5.1 'exit-lists' and 'torperf' Tars

5.1.1
   'exit-lists' and 'torperf' tars are taken from the following
   subdirectory structure

   year SEP month SEP day

   Where SEP is the path separator (usually *nix type "/") and
   year, month, and day are derived from the download dates (exit lists) or
   measurement dates (torperf).
   Files insides the day directory level are named according to the
   rules in 4.1.1 and 4.1.2.

   Thus, monthly tars are named according to section 2.2 and contain
   the following structure

   marker DASH year DASH month SEP day

   Where 'marker' stands for the strings "torperf" or "exit-list".

5.1.2
   The 'torperf' directory also contains summary files named

   source DASH amount DOT extension

   Where 'source' is the data source defined in the CollecTor instance,
   amount is a number with appended "kb" or "mb", and 'extension' is
   either "data" or "extradata".

5.2 'bridge-descriptors' below 'out'

   'bridge-descriptors' contains the following subdirectories:

   * extra-infos
   * server-descriptors
   * statuses

5.2.1
   'extra-infos' and 'server-descriptors' have the following
   subdirectory structure

   year SEP month SEP first SEP second

   Where year is derived from the published date.
   'first' and 'second' are the first and second symbol from the
   router-digest, which also serves as the filename for the files
   in the 'second' level directories.

   Tars are named according to section 2.3 and have the following
   substructure using the definitions from 2.3:

   BRIDGE DASH marker DASH year DASH month SEP first SEP second

5.2.2
   'statuses' have a different substructure

   year SEP month SEP day

   Where 'year', 'month', and 'day' are derived from the published dates.
   Files insides the 'day' directory level are named according to the
   rules in 4.2.2.

   The tars are named as in 2.3 with the substructure

   BRIDGE DASH STATUSES DASH year DASH month SEP day

   Where STATUSES is the string "statuses".

5.3 'relay-descriptors' below 'out'

   'relay-descriptors' contains  the following substructure:

   * certs
   * consensus
   * extra-info
   * microdesc
   * server-descriptor
   * vote

5.3.1
   'certs' contains certificate files named

   fingerprint DASH year DASH month DASH day DASH hour DASH minute DASH second

   All time related values are derived from the key-published time and
   'fingerprint' is the fingerprint of the authority.

5.3.2
   'consensus' and 'vote' contain the subdirectory structure

   year SEP month SEP day

   Where the time related values are taken from the valid-after dates.

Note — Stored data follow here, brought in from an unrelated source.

(* Let $i\ge1$, let $u$ be any word of length $n$ of type $(m_1,\dots,m_{i-1})$, and let $m_i$ be a positive integer with $c:=m_1+\dots+m_i\le n$. Then the sum, over all queues $q$ of capacity $c$ (i.e. over all $c$-element subsets of terminal sites), of the weight of $q$ with respect to $u$ equals \[ h_{n-c}(\underbrace{t_1,\dots,t_1}_{m_1},\underbrace{t_2,\dots,t_2}_{m_2},\dots,\underbrace{t_{i-1},\dots,t_{i-1}}_{m_{i-1}},\underbrace{t_i,\dots,t_i}_{m_i+1}), \] where $h_k$ denotes the complete homogeneous symmetric polynomial of degree $k$.
   Context: Fix a positive integer $n$; sites $1,\dots,n$ are arranged cyclically. A word is $w=w_1\cdots w_n\in\{1,2,\dots,\infty\}^n$; finite entries are particles (of size equal to the entry), entries $\infty$ are empty sites. A word has type $(m_1,\dots,m_{i-1})$ (positive integers) if it has exactly $m_j$ entries equal to $j$ for $1\le j\le i-1$ and all other entries $\infty$. Queues: a queue of capacity $c$ is a choice of $c$ of the $n$ sites, called terminal. Given the input word $u$ (finite entries in $\{1,\dots,i-1\}$), replace each $\infty$ by $i$; then the $n$ particles enter the queue one at a time in an order in which smaller particles come before larger ones (ties arbitrary). A particle at site $j$ first visits site $j$, then $j+1,j+2,\dots$ cyclically, stopping at (and occupying) the first terminal site not yet occupied; if all terminal sites are occupied it visits every site and is discarded. For each size $s\in\{1,\dots,i\}$ let $\alpha_s$ be the number of non-terminal sites whose first visitor has size $s$; the weight of $q$ with respect to $u$ is $\prod_{s=1}^{i} t_s^{\alpha_s}$ (independent of tie-breaking). *)

theory Defs
  imports Main "HOL-Library.Extended_Nat" "HOL-Library.Product_Lexorder"
begin

(* Sites 1..n of the paper are represented as 0..n-1 (cyclic, successor = Suc mod n).
   A word is a list of length n over enat; \<infinity> is an empty site. *)

definition has_type :: "enat list \<Rightarrow> nat list \<Rightarrow> bool" where
  "has_type u ms \<longleftrightarrow>
     (\<forall>x\<in>set u. x = \<infinity> \<or> (\<exists>j\<in>{1..length ms}. x = enat j)) \<and>
     (\<forall>j\<in>{1..length ms}. length (filter (\<lambda>x. x = enat j) u) = ms ! (j - 1))"

definition psize :: "nat \<Rightarrow> enat list \<Rightarrow> nat \<Rightarrow> nat" where
  "psize i u k = (case u ! k of enat a \<Rightarrow> a | \<infinity> \<Rightarrow> i)"

(* a fixed admissible entry order: by size, ties broken by site index *)
definition entry_order :: "nat \<Rightarrow> enat list \<Rightarrow> nat list" where
  "entry_order i u = sort_key (\<lambda>k. (psize i u k, k)) [0..<length u]"

(* one particle of size s, starting at site j, entering the queue Q on n sites.
   State: (occupied terminal sites, size of first visitor of each site). *)
definition step :: "nat \<Rightarrow> nat set \<Rightarrow> nat \<Rightarrow> nat \<Rightarrow>
     nat set \<times> (nat \<Rightarrow> nat option) \<Rightarrow> nat set \<times> (nat \<Rightarrow> nat option)" where
  "step n Q j s st =
     (let occ = fst st; fv = snd st;
          free = Q - occ;
          d = (if free = {} then n - 1 else (LEAST d. (j + d) mod n \<in> free));
          visited = set (map (\<lambda>d'. (j + d') mod n) [0..<Suc d]);
          occ' = (if free = {} then occ else insert ((j + d) mod n) occ);
          fv' = (\<lambda>x. if x \<in> visited \<and> fv x = None then Some s else fv x)
      in (occ', fv'))"

definition first_visitor :: "nat \<Rightarrow> nat set \<Rightarrow> enat list \<Rightarrow> nat \<Rightarrow> nat option" where
  "first_visitor i Q u =
     snd (fold (\<lambda>k st. step (length u) Q k (psize i u k) st) (entry_order i u) ({}, (\<lambda>_. None)))"

definition queue_weight :: "nat \<Rightarrow> (nat \<Rightarrow> 'a::comm_ring_1) \<Rightarrow> nat set \<Rightarrow> enat list \<Rightarrow> 'a" where
  "queue_weight i t Q u =
     (\<Prod>s\<in>{1..i}. t s ^ card {x \<in> {0..<length u} - Q. first_visitor i Q u x = Some s})"

definition hcomplete :: "nat \<Rightarrow> 'a::comm_ring_1 list \<Rightarrow> 'a" where
  "hcomplete k xs =
     (\<Sum>e\<in>{e :: nat \<Rightarrow> nat. (\<forall>j\<ge>length xs. e j = 0) \<and> (\<Sum>j<length xs. e j) = k}.
        \<Prod>j<length xs. xs ! j ^ e j)"

end

theory Submission
  imports Defs
begin

text \<open>A word and a set of terminal sites are encoded as a configuration: a cyclic list of sites,
  each carrying a list of particle sizes, with the terminal sites marked. Because particles enter
  in order of size, conservation of particles along the cycle shows that the first visitor of a
  non-terminal site \<open>x\<close> is the least \<open>s\<close> such that some cyclic arc ending at \<open>x\<close> holds more
  particles of size at most \<open>s\<close> than terminal sites (the level of \<open>x\<close>).

  For weights defined through levels, rotate a smallest particle \<open>s0\<close> to site 0. If site 0 is
  not terminal, its first visitor is \<open>s0\<close> and its particles pass on to site 1; if it is terminal,
  \<open>s0\<close> stops there and the other particles pass on. Either way sites 0 and 1 merge without
  changing any other level, so the sum over the terminal sets satisfies the recursion
  \<open>h\<^sub>k(x, X) = x h\<^sub>k\<^sub>-\<^sub>1(x, X) + h\<^sub>k(X)\<close> with \<open>x = t s0\<close>.\<close>

section \<open>Complete homogeneous symmetric polynomials\<close>

fun hsym :: "nat \<Rightarrow> 'a::comm_ring_1 list \<Rightarrow> 'a" where
  "hsym k [] = (if k = 0 then 1 else 0)"
| "hsym k (x # xs) = (\<Sum>j\<le>k. x ^ j * hsym (k - j) xs)"

lemma hsym_0 [simp]: "hsym 0 xs = 1"
  by (induction xs) auto

lemma hsym_Cons_rec:
  assumes "0 < k"
  shows "hsym k (x # xs) = x * hsym (k - 1) (x # xs) + hsym k xs"
proof -
  obtain k' where k: "k = Suc k'" using assms by (cases k) auto
  have "hsym k (x # xs) = (\<Sum>j\<le>Suc k'. x ^ j * hsym (Suc k' - j) xs)" using k by simp
  also have "\<dots> = hsym (Suc k') xs + (\<Sum>j\<le>k'. x ^ Suc j * hsym (Suc k' - Suc j) xs)"
    by (subst sum.atMost_Suc_shift) simp
  also have "(\<Sum>j\<le>k'. x ^ Suc j * hsym (Suc k' - Suc j) xs) = x * hsym k' (x # xs)"
    by (simp add: sum_distrib_left mult.assoc)
  finally show ?thesis using k by (simp add: add.commute)
qed

definition exponents :: "nat \<Rightarrow> nat \<Rightarrow> (nat \<Rightarrow> nat) set" where
  "exponents k m = {e. (\<forall>j\<ge>m. e j = 0) \<and> (\<Sum>j<m. e j) = k}"

definition exp_cons :: "nat \<Rightarrow> (nat \<Rightarrow> nat) \<Rightarrow> nat \<Rightarrow> nat" where
  "exp_cons a e j = (case j of 0 \<Rightarrow> a | Suc j' \<Rightarrow> e j')"

lemma exponents_0: "exponents k 0 = (if k = 0 then {\<lambda>_. 0} else {})"
  by (auto simp: exponents_def)

lemma exponents_Suc:
  "exponents k (Suc m) = (\<lambda>(a, e). exp_cons a e) ` (SIGMA a:{..k}. exponents (k - a) m)"
proof (rule set_eqI, rule iffI)
  fix e assume e: "e \<in> exponents k (Suc m)"
  have sm: "(\<Sum>j<Suc m. e j) = e 0 + (\<Sum>j<m. e (Suc j))"
    by (rule sum.lessThan_Suc_shift)
  have "e = exp_cons (e 0) (\<lambda>j. e (Suc j))"
    by (rule ext) (simp add: exp_cons_def split: nat.split)
  moreover have "(e 0, \<lambda>j. e (Suc j)) \<in> (SIGMA a:{..k}. exponents (k - a) m)"
    using e sm by (auto simp: exponents_def)
  ultimately show "e \<in> (\<lambda>(a, e). exp_cons a e) ` (SIGMA a:{..k}. exponents (k - a) m)"
    by (auto intro!: image_eqI[where x = "(e 0, \<lambda>j. e (Suc j))"])
next
  fix e assume "e \<in> (\<lambda>(a, e). exp_cons a e) ` (SIGMA a:{..k}. exponents (k - a) m)"
  then obtain a e' where a: "a \<le> k" and e': "e' \<in> exponents (k - a) m" and e: "e = exp_cons a e'"
    by auto
  have "(\<Sum>j<Suc m. e j) = a + (\<Sum>j<m. e' j)"
    by (simp del: sum.lessThan_Suc add: sum.lessThan_Suc_shift e exp_cons_def)
  then show "e \<in> exponents k (Suc m)" using a e'
    by (auto simp: exponents_def e exp_cons_def split: nat.split)
qed

lemma finite_exponents: "finite (exponents k m)"
  by (induction m arbitrary: k) (simp_all add: exponents_0 exponents_Suc)

lemma inj_exp_cons: "inj (\<lambda>(a, e). exp_cons a e)"
proof (rule injI, clarsimp)
  fix a e b f assume h: "exp_cons a e = exp_cons b f"
  have "a = b" using fun_cong[OF h, of 0] by (simp add: exp_cons_def)
  moreover have "e = f"
  proof
    fix j show "e j = f j" using fun_cong[OF h, of "Suc j"] by (simp add: exp_cons_def)
  qed
  ultimately show "a = b \<and> e = f" by simp
qed

lemma hcomplete_exponents:
  "hcomplete k xs = (\<Sum>e\<in>exponents k (length xs). \<Prod>j<length xs. xs ! j ^ e j)"
  by (simp add: hcomplete_def exponents_def)

lemma hcomplete_eq_hsym: "hcomplete k xs = hsym k xs"
proof (induction xs arbitrary: k)
  case Nil
  then show ?case by (simp add: hcomplete_exponents exponents_0)
next
  case (Cons x xs)
  let ?m = "length xs"
  have "hcomplete k (x # xs) = (\<Sum>e\<in>exponents k (Suc ?m). \<Prod>j<Suc ?m. (x # xs) ! j ^ e j)"
    by (simp add: hcomplete_exponents)
  also have "\<dots> = (\<Sum>p\<in>(SIGMA a:{..k}. exponents (k - a) ?m).
                      \<Prod>j<Suc ?m. (x # xs) ! j ^ exp_cons (fst p) (snd p) j)"
    unfolding exponents_Suc
    by (subst sum.reindex) (auto intro: inj_on_subset[OF inj_exp_cons] simp: case_prod_beta)
  also have "\<dots> = (\<Sum>a\<le>k. \<Sum>e\<in>exponents (k - a) ?m. \<Prod>j<Suc ?m. (x # xs) ! j ^ exp_cons a e j)"
    by (simp add: sum.Sigma finite_exponents case_prod_beta)
  also have "\<dots> = (\<Sum>a\<le>k. x ^ a * (\<Sum>e\<in>exponents (k - a) ?m. \<Prod>j<?m. xs ! j ^ e j))"
    by (simp del: prod.lessThan_Suc add: prod.lessThan_Suc_shift exp_cons_def sum_distrib_left)
  also have "\<dots> = hsym k (x # xs)"
    by (simp add: Cons.IH[symmetric] hcomplete_exponents)
  finally show ?case .
qed

declare hsym.simps(2)[simp del]

section \<open>Configurations and levels\<close>

definition count_le :: "nat \<Rightarrow> nat list \<Rightarrow> nat" where
  "count_le s xs = length (filter (\<lambda>p. p \<le> s) xs)"

definition surplus :: "nat \<Rightarrow> nat list list \<Rightarrow> bool list \<Rightarrow> int list" where
  "surplus s a qs = map (\<lambda>(as, q). int (count_le s as) - of_bool q) (zip a qs)"

definition has_pos_suffix :: "int list \<Rightarrow> bool" where
  "has_pos_suffix xs \<longleftrightarrow> (\<exists>k<length xs. 0 < sum_list (drop k xs))"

   'extra-info' and 'server-descriptor' follow the naming and subdirectory
   structure as described in 5.2.1.  'consensus' and 'vote' tars use the
   substructure of 'statuses' as described in 5.2.2.

5.3.3
   'microdesc' has a more complex subdirectory structure

   year SEP month

   Where the time related values are taken from the valid-after dates.
   Inside the 'month' folders are two directories

   * consensus-microdesc
   * micro

5.3.4
   'consensus-microdesc' contains 'day' subdirectories derived from the
   valid-after dates and files named according to 4.3.4.

   'micro' follows the subdirectory structure of

   first SEP second

   Where year is derived from the published date.
   'first' and 'second' are the first and second symbol from the SHA-256
   digest, which also serves as the filename for the files
   in the 'second' level directories.

   The monthly tars are named according to 2.4 and contain

   MICRODESCS DASH year DASH month

   and below the subdirectories of 'micro' and 'consensus-microdescs'.

5.4 'webstats' below 'out'

   'webstats' contains compressed log files structured and named according
   to the 'Tor web server logs' specification, section 4.3 [0].

6.0 The 'contrib' Folder

   The 'contrib' folder contains third-party contributions.
   The contributed data and documentation is provided in a subfolder per
   contribution.  There is no particular substructure for contributed data.

6.1 'bgp' below 'contrib'

   'bgp' contains the BGP data collected between June 2016 and August 2017.
   For detailed documentation see [1].

A.0 Appendix

A.1 References
[0] https://metrics.torproject.org/web-server-logs.html#n-re-assembling-log-files
[1] https://metrics.torproject.org/contrib/bgp.html